* **The data**:
(* Let $\alpha\ge1$ and $\beta\ge1$. If $N\subseteq C$, then every outcome satisfying $\alpha$-proportional fairness also satisfies $(1+\alpha)$-individual fairness, and every outcome satisfying $\beta$-individual fairness also satisfies $2\beta$-proportional fairness. If $N=C$, then every outcome satisfying $\beta$-individual fairness also satisfies $(1+\beta)$-proportional fairness.
   Context: Let $(\mathcal X,d)$ be a metric space, $N=[n]$ a set of agents and $C$ a set of candidates located in $\mathcal X$, $k\in\mathbb N^+$; an outcome is $W\subseteq C$ with $|W|\le k$; $B(i,r)=\{x\in\mathcal X:d(i,x)\le r\}$; $d(i,W)=\min_{c\in W}d(i,c)$. $\alpha$-proportional fairness: there is no group $N'\subseteq N$ with $|N'|\ge n/k$ and candidate $c\in C\setminus W$ such that $\alpha\, d(i,c)<d(i,W)$ for all $i\in N'$. $\beta$-individual fairness (defined for instances with $N\subseteq C$): $d(i,W)\le\beta\, r(i)$ for all $i\in N$, where $r(i)=\min\{r\in\mathbb R: |B(i,r)\cap N|\ge n/k\}$. *)

theory Defs
  imports "HOL-Analysis.Analysis"
begin

text \<open>Agents and candidates are points of a metric space (type class metric_space,
  with metric dist). N is the finite set of agents, C the finite set of candidates.\<close>

definition dset :: "'a::metric_space \<Rightarrow> 'a set \<Rightarrow> real" where
  "dset i W = Min ((\<lambda>c. dist i c) ` W)"

definition outcome :: "'a set \<Rightarrow> nat \<Rightarrow> 'a set \<Rightarrow> bool" where
  "outcome C k W \<longleftrightarrow> W \<subseteq> C \<and> card W \<le> k \<and> W \<noteq> {}"

definition prop_fair :: "real \<Rightarrow> 'a::metric_space set \<Rightarrow> 'a set \<Rightarrow> nat \<Rightarrow> 'a set \<Rightarrow> bool" where
  "prop_fair \<alpha> N C k W \<longleftrightarrow>
     \<not> (\<exists>N'\<subseteq>N. \<exists>c\<in>C - W. real (card N') \<ge> real (card N) / real k \<and>
                 (\<forall>i\<in>N'. \<alpha> * dist i c < dset i W))"

definition rad :: "'a::metric_space set \<Rightarrow> nat \<Rightarrow> 'a \<Rightarrow> real" where
  "rad N k i = (LEAST r::real. real (card (cball i r \<inter> N)) \<ge> real (card N) / real k)"

definition ind_fair :: "real \<Rightarrow> 'a::metric_space set \<Rightarrow> nat \<Rightarrow> 'a set \<Rightarrow> bool" where
  "ind_fair \<beta> N k W \<longleftrightarrow> (\<forall>i\<in>N. dset i W \<le> \<beta> * rad N k i)"

end

theory Submission
  imports Defs
begin

text \<open>
  Both directions compare a deviating group with the ball around an agent \<open>i\<close> that realises
  \<open>r(i)\<close>. If \<open>d(i,W) > (1 + \<alpha>) r(i)\<close>, then every \<open>j\<close> in that ball has
  \<open>d(j,W) \<ge> d(i,W) - r(i) > \<alpha> r(i) \<ge> \<alpha> d(j,i)\<close>, so the ball deviates towards the candidate \<open>i\<close>.
  Conversely, a group \<open>N'\<close> deviating towards \<open>c\<close> lies in the ball of radius \<open>2R\<close> around its
  member \<open>i\<close> farthest from \<open>c\<close>, where \<open>R = d(i,c)\<close>; hence \<open>r(i) \<le> 2R\<close> and
  \<open>d(i,W) \<le> 2\<beta>R\<close>. If \<open>c\<close> is itself an agent, \<open>N'\<close> lies in the ball of radius \<open>R\<close> around \<open>c\<close>,
  so \<open>r(c) \<le> R\<close> and \<open>d(i,W) \<le> d(i,c) + d(c,W) \<le> (1 + \<beta>) R\<close>.
\<close>

lemma dset_le_dist:
  assumes "finite W" "w \<in> W"
  shows "dset i W \<le> dist i w"
  unfolding dset_def using assms by (intro Min_le) auto

lemma dset_attained:
  assumes "finite W" "W \<noteq> {}"
  obtains w where "w \<in> W" "dset i W = dist i w"
proof -
  have "Min ((\<lambda>c. dist i c) ` W) \<in> (\<lambda>c. dist i c) ` W"
    using assms by (intro Min_in) auto
  with that show ?thesis unfolding dset_def by auto
qed

lemma dset_triangle:
  assumes "finite W" "W \<noteq> {}"
  shows "dset i W \<le> dist i j + dset j W"
proof -
  obtain w where "w \<in> W" "dset j W = dist j w"
    using dset_attained[OF assms] .
  moreover have "dset i W \<le> dist i w"
    using assms(1) \<open>w \<in> W\<close> by (rule dset_le_dist)
  ultimately show ?thesis
    using dist_triangle[of i w j] by simp
qed

lemma finite_farthest_point:
  fixes c :: "'a::metric_space"
  assumes "finite A" "A \<noteq> {}"
  obtains a where "a \<in> A" "\<And>x. x \<in> A \<Longrightarrow> dist x c \<le> dist a c"
proof -
  have "Max ((\<lambda>x. dist x c) ` A) \<in> (\<lambda>x. dist x c) ` A"
    using assms by (intro Max_in) auto
  then obtain a where "a \<in> A" "dist a c = Max ((\<lambda>x. dist x c) ` A)"
    by auto
  with assms(1) show ?thesis
    by (intro that) auto
qed

text \<open>Hence the \<open>LEAST\<close> in the definition of \<open>rad\<close> is attained among the finitely many
  radii \<open>dist i ` N\<close>.\<close>

lemma cball_inter_eq_Max_dist:
  assumes "finite N" "cball i r \<inter> N \<noteq> {}"
  shows "cball i (Max (dist i ` (cball i r \<inter> N))) \<inter> N = cball i r \<inter> N"
proof -
  let ?s = "Max (dist i ` (cball i r \<inter> N))"
  have "?s \<le> r"
    using assms by (subst Max_le_iff) auto
  moreover have "dist i x \<le> ?s" if "x \<in> cball i r \<inter> N" for x
    using assms(1) that by (intro Max_ge) auto
  ultimately show ?thesis by auto
qed

lemma least_quota_radius:
  fixes N :: "'a::metric_space set" and q :: real
  assumes "finite N" "0 < q" "q \<le> real (card N)"
  shows "\<exists>r\<in>dist i ` N. q \<le> real (card (cball i r \<inter> N)) \<and>
           (\<forall>y. q \<le> real (card (cball i y \<inter> N)) \<longrightarrow> r \<le> y)"
proof -
  define P where "P r \<longleftrightarrow> q \<le> real (card (cball i r \<inter> N))" for r
  define S where "S = {s \<in> dist i ` N. P s}"
  have attained_below: "\<exists>s\<in>S. s \<le> y" if "P y" for y
  proof -
    have "cball i y \<inter> N \<noteq> {}"
      using that \<open>0 < q\<close> unfolding P_def by (auto simp del: Int_iff)
    moreover define s where "s = Max (dist i ` (cball i y \<inter> N))"
    ultimately have "s \<in> dist i ` (cball i y \<inter> N)"
      and "cball i s \<inter> N = cball i y \<inter> N"
      using assms(1) cball_inter_eq_Max_dist by (auto intro: Max_in)
    then have "s \<in> S" and "s \<le> y"
      using that unfolding S_def P_def by auto
    then show ?thesis by blast
  qed
  have "N \<subseteq> cball i (Max (dist i ` N))"
    using assms(1) by auto
  then have "P (Max (dist i ` N))"
    using assms(3) unfolding P_def by (simp add: Int_absorb1)
  then have "S \<noteq> {}"
    using attained_below by blast
  have "finite S"
    unfolding S_def using assms(1) by simp
  then have "Min S \<in> S"
    using \<open>S \<noteq> {}\<close> by (rule Min_in)
  moreover have "Min S \<le> y" if "P y" for y
    using attained_below[OF that] \<open>finite S\<close> by (auto intro: Min_le order_trans)
  ultimately show ?thesis
    unfolding S_def P_def by blast
qed

lemma rad_least_quota_radius:
  fixes N :: "'a::metric_space set"
  assumes "finite N" "N \<noteq> {}" "k > 0"
  shows "rad N k i \<in> dist i ` N"
    and "real (card N) / real k \<le> real (card (cball i (rad N k i) \<inter> N))"
    and "real (card N) / real k \<le> real (card (cball i y \<inter> N)) \<Longrightarrow> rad N k i \<le> y"
proof -
  have "0 < real (card N) / real k"
    using assms by (simp add: card_gt_0_iff)
  moreover have "real (card N) / real k \<le> real (card N)"
    using assms(3) by (simp add: divide_le_eq mult_le_cancel_left1)
  ultimately obtain r where "r \<in> dist i ` N"
    and quota: "real (card N) / real k \<le> real (card (cball i r \<inter> N))"
    and least: "\<And>y. real (card N) / real k \<le> real (card (cball i y \<inter> N)) \<Longrightarrow> r \<le> y"
    using least_quota_radius[OF assms(1)] by blast
  have "rad N k i = r"
    unfolding rad_def using quota least by (rule Least_equality)
  with \<open>r \<in> dist i ` N\<close> quota least
  show "rad N k i \<in> dist i ` N"
    and "real (card N) / real k \<le> real (card (cball i (rad N k i) \<inter> N))"
    and "real (card N) / real k \<le> real (card (cball i y \<inter> N)) \<Longrightarrow> rad N k i \<le> y"
    by simp_all
qed

lemma rad_quota:
  fixes N :: "'a::metric_space set"
  assumes "finite N" "N \<noteq> {}" "k > 0"
  shows "real (card N) / real k \<le> real (card (cball i (rad N k i) \<inter> N))"
  using assms by (rule rad_least_quota_radius(2))

lemma rad_nonneg:
  fixes N :: "'a::metric_space set"
  assumes "finite N" "N \<noteq> {}" "k > 0"
  shows "0 \<le> rad N k i"
  using rad_least_quota_radius(1)[OF assms, where i = i] by auto

lemma rad_le_if_group_in_cball:
  fixes N :: "'a::metric_space set"
  assumes "finite N" "N \<noteq> {}" "k > 0"
    and "N' \<subseteq> cball x R \<inter> N" "real (card N) / real k \<le> real (card N')"
  shows "rad N k x \<le> R"
proof -
  have "card N' \<le> card (cball x R \<inter> N)"
    using assms(1,4) by (intro card_mono) auto
  with assms(5) have "real (card N) / real k \<le> real (card (cball x R \<inter> N))"
    by linarith
  then show ?thesis
    by (rule rad_least_quota_radius(3)[OF assms(1-3)])
qed

lemma deviating_group_farthest_member:
  fixes N :: "'a::metric_space set"
  assumes "finite N" "N \<noteq> {}" "k > 0"
    and "N' \<subseteq> N" "real (card N) / real k \<le> real (card N')"
  obtains i where "i \<in> N'" "\<And>j. j \<in> N' \<Longrightarrow> dist j c \<le> dist i c"
proof (rule finite_farthest_point)
  show "finite N'"
    using assms(4,1) by (rule finite_subset)
  have "0 < real (card N) / real k"
    using assms(1-3) by (simp add: card_gt_0_iff)
  with assms(5) show "N' \<noteq> {}" by auto
qed (rule that)

lemma prop_fair_imp_ind_fair:
  fixes N C :: "'a::metric_space set"
  assumes "finite N" "N \<noteq> {}" "k > 0" "finite C" "N \<subseteq> C" "0 \<le> \<alpha>"
    and "outcome C k W" "prop_fair \<alpha> N C k W"
  shows "ind_fair (1 + \<alpha>) N k W"
  unfolding ind_fair_def
proof (rule ballI, rule ccontr)
  fix i assume "i \<in> N" and far: "\<not> dset i W \<le> (1 + \<alpha>) * rad N k i"
  have W: "finite W" "W \<noteq> {}"
    using assms(4,7) unfolding outcome_def by (auto intro: finite_subset)
  let ?r = "rad N k i"
  have "0 \<le> ?r"
    using assms(1-3) by (rule rad_nonneg)
  have "i \<notin> W"
  proof
    assume "i \<in> W"
    then have "dset i W \<le> 0"
      using dset_le_dist[OF W(1), of i i] by simp
    moreover have "0 \<le> (1 + \<alpha>) * ?r"
      using \<open>0 \<le> ?r\<close> \<open>0 \<le> \<alpha>\<close> by simp
    ultimately show False
      using far by simp
  qed
  define N' where "N' = cball i ?r \<inter> N"
  have "\<alpha> * dist j i < dset j W" if "j \<in> N'" for j
  proof -
    have "dist i j \<le> ?r"
      using that unfolding N'_def by simp
    moreover have "dset i W \<le> dist i j + dset j W"
      using W by (rule dset_triangle)
    moreover have "\<alpha> * dist j i \<le> \<alpha> * ?r"
      using \<open>dist i j \<le> ?r\<close> \<open>0 \<le> \<alpha>\<close> by (simp add: dist_commute mult_left_mono)
    ultimately show ?thesis
      using far by (simp add: algebra_simps)
  qed
  moreover have "real (card N) / real k \<le> real (card N')"
    unfolding N'_def using assms(1-3) by (rule rad_quota)
  moreover have "N' \<subseteq> N" "i \<in> C - W"
    unfolding N'_def using \<open>i \<in> N\<close> \<open>i \<notin> W\<close> assms(5) by auto
  ultimately show False
    using assms(8) unfolding prop_fair_def by blast
qed

lemma ind_fair_imp_prop_fair_double:
  fixes N C :: "'a::metric_space set"
  assumes "finite N" "N \<noteq> {}" "k > 0" "0 \<le> \<beta>" "ind_fair \<beta> N k W"
  shows "prop_fair (2 * \<beta>) N C k W"
  unfolding prop_fair_def
proof (intro notI, elim exE bexE conjE)
  fix N' c
  assume "N' \<subseteq> N" and quota: "real (card N) / real k \<le> real (card N')"
    and closer: "\<forall>j\<in>N'. 2 * \<beta> * dist j c < dset j W"
  obtain i where "i \<in> N'" and farthest: "\<And>j. j \<in> N' \<Longrightarrow> dist j c \<le> dist i c"
    using deviating_group_farthest_member[OF assms(1-3) \<open>N' \<subseteq> N\<close> quota] by blast
  have "N' \<subseteq> cball i (2 * dist i c) \<inter> N"
  proof
    fix j assume "j \<in> N'"
    then have "dist i j \<le> 2 * dist i c"
      using dist_triangle[of i j c] farthest[of j] by (simp add: dist_commute)
    with \<open>j \<in> N'\<close> \<open>N' \<subseteq> N\<close> show "j \<in> cball i (2 * dist i c) \<inter> N" by auto
  qed
  then have "rad N k i \<le> 2 * dist i c"
    using rad_le_if_group_in_cball[OF assms(1-3) _ quota] by blast
  moreover have "dset i W \<le> \<beta> * rad N k i"
    using assms(5) \<open>i \<in> N'\<close> \<open>N' \<subseteq> N\<close> unfolding ind_fair_def by blast
  ultimately have "dset i W \<le> \<beta> * (2 * dist i c)"
    using \<open>0 \<le> \<beta>\<close> by (meson mult_left_mono order_trans)
  with closer \<open>i \<in> N'\<close> show False by (fastforce simp: mult.assoc)
qed

lemma ind_fair_imp_prop_fair_if_candidates_agents:
  fixes N C :: "'a::metric_space set"
  assumes "finite N" "N \<noteq> {}" "k > 0" "C \<subseteq> N" "0 \<le> \<beta>"
    and "outcome C k W" "ind_fair \<beta> N k W"
  shows "prop_fair (1 + \<beta>) N C k W"
  unfolding prop_fair_def
proof (intro notI, elim exE bexE conjE)
  fix N' c
  assume "N' \<subseteq> N" "c \<in> C - W" and quota: "real (card N) / real k \<le> real (card N')"
    and closer: "\<forall>j\<in>N'. (1 + \<beta>) * dist j c < dset j W"
  have W: "finite W" "W \<noteq> {}"
    using assms(6) finite_subset[OF assms(4,1)] unfolding outcome_def by (auto intro: finite_subset)
  obtain i where "i \<in> N'" and farthest: "\<And>j. j \<in> N' \<Longrightarrow> dist j c \<le> dist i c"
    using deviating_group_farthest_member[OF assms(1-3) \<open>N' \<subseteq> N\<close> quota] by blast
  have "N' \<subseteq> cball c (dist i c) \<inter> N"
    using farthest \<open>N' \<subseteq> N\<close> by (auto simp: dist_commute)
  then have "rad N k c \<le> dist i c"
    using rad_le_if_group_in_cball[OF assms(1-3) _ quota] by blast
  moreover have "dset c W \<le> \<beta> * rad N k c"
    using assms(4,7) \<open>c \<in> C - W\<close> unfolding ind_fair_def by blast
  moreover have "dset i W \<le> dist i c + dset c W"
    using W by (rule dset_triangle)
  ultimately have "dset i W \<le> dist i c + \<beta> * dist i c"
    using \<open>0 \<le> \<beta>\<close> mult_left_mono[of "rad N k c" "dist i c" \<beta>] by linarith
  with closer \<open>i \<in> N'\<close> show False by (fastforce simp: algebra_simps)
qed

theorem theorem1:
  fixes N C :: "'a::metric_space set" and k :: nat and \<alpha> \<beta> :: real
  assumes "finite N" and "N \<noteq> {}" and "finite C" and "k > 0"
    and "\<alpha> \<ge> 1" and "\<beta> \<ge> 1"
  shows "(N \<subseteq> C \<longrightarrow>
            (\<forall>W. outcome C k W \<and> prop_fair \<alpha> N C k W \<longrightarrow> ind_fair (1 + \<alpha>) N k W) \<and>
            (\<forall>W. outcome C k W \<and> ind_fair \<beta> N k W \<longrightarrow> prop_fair (2 * \<beta>) N C k W))
       \<and> (N = C \<longrightarrow>
            (\<forall>W. outcome C k W \<and> ind_fair \<beta> N k W \<longrightarrow> prop_fair (1 + \<beta>) N C k W))"
  using prop_fair_imp_ind_fair[OF assms(1,2,4,3) _ _]
    ind_fair_imp_prop_fair_double[OF assms(1,2,4)]
    ind_fair_imp_prop_fair_if_candidates_agents[OF assms(1,2,4)]
    assms(5,6)
  by auto

end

* **Exercise aim**: Go through the material above and return each line that holds the word "thesis".

* **Task solution**:
  with that show ?thesis unfolding dset_def by auto
  ultimately show ?thesis
  with assms(1) show ?thesis
  ultimately show ?thesis by auto
    then show ?thesis by blast
  ultimately show ?thesis
  then show ?thesis
    ultimately show ?thesis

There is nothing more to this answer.